What I am referring to here: For example, 2100 = $2^2\times3\times5^2\times7$ which has 2 square prime factors, namely $2^2$ and $5^2$. Here $1^2$ and $10^2$ doesn't count for my purpose.
Thanks for reading and thinking 🙂
Best Answer
Here I would proudly present to you the result that I and some friends have actually got after doing more math on it. Would someone read it and check if it's correct?
First, it is known that the number of square-free is
$$\sum_{i=1}^{\sqrt{n}}\mu{(i)}\left\lfloor{\frac{n}{i^2}}\right\rfloor$$ Where $\mu$ is the mobius function.

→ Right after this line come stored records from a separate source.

theorem corollary3p2:
  fixes \<alpha> :: real
  assumes "0 \<le> \<alpha>" and "\<alpha> < 1"
  shows "(\<forall>f\<in>classF. \<forall>z. norm z \<le> r0 \<alpha> \<longrightarrow>
            norm (z * deriv (deriv f) z / deriv f z) \<le> 1 - \<alpha>)
       \<and> (\<forall>r. r0 \<alpha> < r \<and> r \<le> 1 \<longrightarrow> (\<exists>f\<in>classF. \<exists>z. norm z < r \<and>
            norm (z * deriv (deriv f) z / deriv f z) > 1 - \<alpha>))
       \<and> radius_convexity_order classF \<alpha> = r0 \<alpha>
       \<and> radius_uniform_convexity classF = r0 (1/2)
       \<and> 0.0647225 < r0 (1/2) \<and> r0 (1/2) < 0.0647235"
proof (intro conjI)
  show "\<forall>f\<in>classF. \<forall>z. norm z \<le> r0 \<alpha> \<longrightarrow> norm (z * deriv (deriv f) z / deriv f z) \<le> 1 - \<alpha>"
    using classF_ratio_le_r0(2)[OF _ assms] by blast
  show "\<forall>r. r0 \<alpha> < r \<and> r \<le> 1 \<longrightarrow> (\<exists>f\<in>classF. \<exists>z. norm z < r \<and>
          norm (z * deriv (deriv f) z / deriv f z) > 1 - \<alpha>)"
  proof (intro allI impI)
    fix r
    assume "r0 \<alpha> < r \<and> r \<le> 1"
    then obtain z t where "norm z < r" "1 - \<alpha> < t"
      and "z * deriv (deriv extremal_fun) z / deriv extremal_fun z = - of_real t"
      using extremal_fun_ratio_exceeds[OF assms] by blast
    then show "\<exists>f\<in>classF. \<exists>z. norm z < r \<and> norm (z * deriv (deriv f) z / deriv f z) > 1 - \<alpha>"
      using extremal_fun_in_classF assms by (intro bexI[of _ extremal_fun] exI[of _ z]) auto
  qed
  show "radius_convexity_order classF \<alpha> = r0 \<alpha>"
    unfolding radius_convexity_order_def
  proof (rule classF_radius_eq_r0[OF assms])
    show "\<alpha> < Re (1 + w)" if "norm w < 1 - \<alpha>" for w
      using that abs_Re_le_cmod[of w] by simp
  qed simp
  show "radius_uniform_convexity classF = r0 (1/2)"
    unfolding radius_uniform_convexity_def
  proof (rule classF_radius_eq_r0[where P = "\<lambda>w. norm w < Re (1 + w)"])
    show "norm w < Re (1 + w)" if "norm w < 1 - 1/2" for w
      using that abs_Re_le_cmod[of w] by simp
  qed simp_all
  show "0.0647225 < r0 (1/2)" "r0 (1/2) < 0.0647235"
    using r0_one_half_bounds by auto
qed

end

Now I would apply this to the question, counting numbers with exactly k prime square factors. If $i$ is not square-free, its coefficient is still 0. If $i$ has less than k prime factors, its coefficient is 0 as well because we don't count it at all. If it has m prime factors where m≥k, it's coefficient will be $$(-1)^{m-k}\binom{m}{k}$$ by "Generalized Inclusion-Exclusion Principle". Hence, if we denote the number of primes factors of $i$ by $p(i)$, formula is
$$C_k(n)=(-1)^k\sum_{i=1}^{\sqrt{n}}\left\lfloor{\frac{n}{i^2}}\right\rfloor\binom{p(i)}{k}$$
Would someone like to calculate the ratio of this to n? i.e. $\lim_{n\rightarrow\inf}\frac{C_k(n)}{n}$?
Much love, Gareth